Медленно, ощупью, как ребенок, делающий первые шажки в новом, еще неведомом
мире, он начал подыскивать слова и собирать их в предложения - они с трудом
соединялись друг с другом, сталкивались невидимыми углами, наконец с трудом
притирались в гладкие фразы - и Иванов с горечью понимал, что у него
получается совсем не то, что он хочет, а какое-то подобие газетного
некролога. Он начинал снова, менял и переставлял слова, но опять получалось
нечто неживое и уродливое, и обломки мыслей, казалось, криво торчали из
предложений, как обломанные ветви старого погибшего дерева, и тогда Иванов,
внезапно, сам еще не понимая, почему, начал с этих старых деревьев,
полупогибших от времени берез Сибирского тракта, которые двадцатилетний
Фридрих Штиблер впервые увидел летом сорок третьего года, когда его в серой
колонне военнопленных провели под этими березами сюда, где ему суждено было
прожить всю свою жизнь и умереть.
Здесь, на торфяннике, вначале был немецкий лагерь, а потом немцы построили
поселок, который вся округа так и называла - Немецкий. Конечно, он имел
другое, официальное название, но им мало кто пользовался, и письма,
отправленные в «Немецкий поселок», доходили до адресатов.

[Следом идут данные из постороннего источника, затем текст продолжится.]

lemma jacobian_Gsys_None_Some:
  assumes "finite Ap" "finite Am" "p $ Some j > 0"
  shows "jacobian_mat (Gsys Ap Am c h) p $ None $ Some j = Gsys Ap Am c h p $ Some j / p $ Some j"
proof -
  have "partial (\<lambda>q. Gsys Ap Am c h q $ None) (Some j) p = Gsys Ap Am c h p $ Some j / p $ Some j"
    using fsig_has_real_derivative_coord[of Ap Am "xcoords p" j "lifted_coeffs c h (p $ None)"] assms
    by (intro partial_eqI) (simp add: Gsys_None Gsys_Some)
  then show ?thesis
    by (simp add: jacobian_mat_def)
qed

lemma jacobian_Gsys_Some_Some:
  assumes "finite Ap" "finite Am" "\<And>i. p $ Some i > 0"
  shows "jacobian_mat (Gsys Ap Am c h) p $ Some i $ Some j
    = fsig Ap Am (\<lambda>a. lifted_coeffs c h (p $ None) a * a $ i * a $ j) (xcoords p) / p $ Some j"
proof -
  define C where "C = (\<lambda>a. lifted_coeffs c h (p $ None) a * a $ i)"
  have "\<forall>\<^sub>F s in nhds (p $ Some j). s \<in> {0<..}"
    using assms(3) by (intro eventually_nhds_in_open) auto
  then have "\<forall>\<^sub>F s in nhds (p $ Some j).
      Gsys Ap Am c h (vec_upd p (Some j) s) $ Some i = fsig Ap Am C (vec_upd (xcoords p) j s)"
    by eventually_elim (use assms in \<open>simp add: Gsys_Some C_def\<close>)
  moreover have "((\<lambda>s. fsig Ap Am C (vec_upd (xcoords p) j s)) has_real_derivative
      fsig Ap Am (\<lambda>a. C a * a $ j) (xcoords p) / p $ Some j) (at (p $ Some j))"
    using fsig_has_real_derivative_coord[of Ap Am "xcoords p" j C] assms by simp
  ultimately have "partial (\<lambda>q. Gsys Ap Am c h q $ Some i) (Some j) p
      = fsig Ap Am (\<lambda>a. C a * a $ j) (xcoords p) / p $ Some j"
    by (intro partial_eqI) (simp add: DERIV_cong_ev)
  then show ?thesis
    by (simp add: jacobian_mat_def C_def)
qed
lemma clarke_dd_real_subadditive:
  "clarke_dd_real \<phi> u (w1 + w2) \<le> clarke_dd_real \<phi> u w1 + clarke_dd_real \<phi> u w2"
proof (rule field_le_epsilon)
  fix e :: real assume "e > 0"
  obtain d1 where "d1 > 0" and quotient1:
    "\<And>x t. dist x u < d1 \<Longrightarrow> 0 < t \<Longrightarrow> t < d1 \<Longrightarrow> (\<phi> (x + t *\<^sub>R w1) - \<phi> x) / t < clarke_dd_real \<phi> u w1 + e / 2"
    using clarke_dd_real_lessD[of w1] \<open>e > 0\<close> by (metis half_gt_zero less_add_same_cancel1)
  obtain d2 where "d2 > 0" and quotient2:
    "\<And>x t. dist x u < d2 \<Longrightarrow> 0 < t \<Longrightarrow> t < d2 \<Longrightarrow> (\<phi> (x + t *\<^sub>R w2) - \<phi> x) / t < clarke_dd_real \<phi> u w2 + e / 2"
    using clarke_dd_real_lessD[of w2] \<open>e > 0\<close> by (metis half_gt_zero less_add_same_cancel1)
  define d where "d = min d1 (d2 / (2 * (norm w1 + 1)))"
  have "norm w1 + 1 > 0" by (simp add: add_nonneg_pos)
  then have "d > 0" using \<open>d1 > 0\<close> \<open>d2 > 0\<close> by (simp add: d_def)
  show "clarke_dd_real \<phi> u (w1 + w2) \<le> clarke_dd_real \<phi> u w1 + clarke_dd_real \<phi> u w2 + e"
  proof (rule clarke_dd_real_le[OF \<open>d > 0\<close>])
    fix x t assume x: "dist x u < d" and t: "0 < t" "t < d"
    have "d2 / (2 * (norm w1 + 1)) \<le> d2 / 2"
      using \<open>d2 > 0\<close> \<open>norm w1 + 1 > 0\<close> by (intro divide_left_mono) auto
    then have "d \<le> d2 / 2" unfolding d_def by (rule min.coboundedI2)
    have "t * norm w1 \<le> d * (norm w1 + 1)" using t by (intro mult_mono) auto
    also have "\<dots> \<le> d2 / (2 * (norm w1 + 1)) * (norm w1 + 1)"
      using \<open>norm w1 + 1 > 0\<close> by (intro mult_right_mono) (auto simp: d_def)
    also have "\<dots> = d2 / 2"
      using \<open>norm w1 + 1 > 0\<close> by (simp add: field_simps)
    finally have "dist (x + t *\<^sub>R w1) u < d2"
      using dist_triangle[of "x + t *\<^sub>R w1" u x] x \<open>d \<le> d2 / 2\<close> t by (simp add: dist_norm)
    then have "(\<phi> ((x + t *\<^sub>R w1) + t *\<^sub>R w2) - \<phi> (x + t *\<^sub>R w1)) / t < clarke_dd_real \<phi> u w2 + e / 2"
      using t \<open>d \<le> d2 / 2\<close> by (intro quotient2) auto
    moreover have "(\<phi> (x + t *\<^sub>R w1) - \<phi> x) / t < clarke_dd_real \<phi> u w1 + e / 2"
      using x t by (intro quotient1) (auto simp: d_def)
    ultimately show "(\<phi> (x + t *\<^sub>R (w1 + w2)) - \<phi> x) / t \<le> clarke_dd_real \<phi> u w1 + clarke_dd_real \<phi> u w2 + e"
      by (simp add: scaleR_add_right add.assoc diff_divide_distrib)
  qed
qed
(* Let $\mathcal{M}$ be a monotone gridding matrix such that the cell graph $G_\mathcal{M}$ contains a cycle. Then $\mathrm{Grid}(\mathcal{M})$ has unbounded grid-width, i.e., for every $w$ there is $\pi\in\mathrm{Grid}(\mathcal{M})$ of grid-width greater than $w$.
   Context: $\mathrm{Inc}$ and $\mathrm{Dec}$ denote the classes of increasing and decreasing permutations. A monotone gridding matrix $\mathcal{M}$ is a $k\times\ell$ matrix with entries in $\{\mathrm{Inc},\mathrm{Dec},\emptyset\}$. An $\mathcal{M}$-gridding of a permutation $\pi$ of length $n$ (identified with its diagram $\{(i,\pi_i)\}$) consists of possibly empty disjoint integer intervals $I_1<\dots<I_k$ and $J_1<\dots<J_\ell$, each family with union $[n]$, such that the points in each cell $I_i\times J_j$ form a pattern in $\mathcal{M}_{i,j}$; $\mathrm{Grid}(\mathcal{M})$ is the class of permutations having an $\mathcal{M}$-gridding. The cell graph $G_\mathcal{M}$ has as vertices the cells with infinite entries, adjacent when they share a row or column and all cells strictly between them are finite or empty. The intervalicity of $A\subseteq[n]$ is the least number of disjoint integer intervals with union $A$; the grid-complexity of a point set is the maximum of the intervalicities of its two axis projections. A grid tree of $\pi$ is a rooted binary tree whose leaves are labeled bijectively by the points of $\pi$; its grid-width is the maximum over vertices $v$ of the grid-complexity of the leaf labels below $v$; the grid-width of $\pi$ is the minimum grid-width of a grid tree of $\pi$. *)

theory Defs
  imports Main
begin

Со временем немцы
постепенно уезжали, а Штиблер остался - его семья погибла в Дрездене во
время бомбежки, здесь, в поселке, он женился, выросли дети - куда уезжать? В
маленьком поселке, где все всё и про всех знают, Штиблеры жили тихо, и
потому Фридрих Штиблер, ставший с годами Федором Ивановичем, никогда не был
героем поселковых легенд. Наверное, вначале молва поговорила, посмеялась над
его педантизмом, а потом привыкла, так же как и к очень правильной, но
тяжеловесной его речи, поэтому Иванов ничего не знал о его личной жизни,
только слышал, что до того, как стать учителем, Штиблер был мастером на
торфодобыче.
Если бы в поселковой школе, где он потом преподавал черчение, работало много
мужчин, и если бы Иванова увезли из Немецкого еще ребенком, он, скорее
всего, никогда бы и не узнал, что есть такой человек – Штиблер, но Штиблер
был единственным мужчиной в школе, и только поэтому Иванов запомнил его,
будучи первоклассником, запомнил плохо – в памяти остался лишь невзрачный
человечек в сером костюме, идущий по школьному коридору, и знание того, что
он учитель и потом будет чему-то учить и Иванова. Вспоминая о том времени,
Иванов поймал себя на мысли, что совсем не помнит Штиблера в поселке, хотя
тогда они жили на одной улице и были почти соседями. Лицо Штиблера сливалось
с другими лицами, был он человеком малозаметным, так же, как сейчас и сам
Иванов был малозаметен для окружающих. Он к этому привык, а порой даже и
пользовался этим, но иногда вдруг хотелось выделиться среди всех, неважно
как, но обратить на себя внимание. Вспомнились несколько институтских еще
выходок, и все они по прошествии лет казались такими глупыми, так ясно
представилось, что в глазах людей, одобрительно похлопывавших его тогда по
плечам, он был лишь одним из многих провинциальных дурачков, что Иванов в
раздражении бросил карандаш и принялся ходить по кухне. Многое хотелось
забыть, так, как забыли его самого многие из тех, кто с ним сталкивался,
забыли, наверное, и к лучшему для Иванова – но забыть не получалось,
наоборот, чем больше он этого хотел, тем назойливей то, что он хотел забыть,
маячило у него перед глазами.
Отвлекшись от записи, снова вернуться к ней оказалось трудно - мысль с
насилу оторвалась он навязчивых воспоминаний, но чем писать дальше, он не
знал. Иванов машинально раскачивал стоявший на столе старый подарок, «Ваньку-встаньку»
-это было его детское прозвище, вначале он обижался до слез, потом привык, а
теперь, встречая в Городе одноклассников, был даже рад, когда его называли
детской кличкой. Может быть, написать о том, что Штиблера они звали Фрицем?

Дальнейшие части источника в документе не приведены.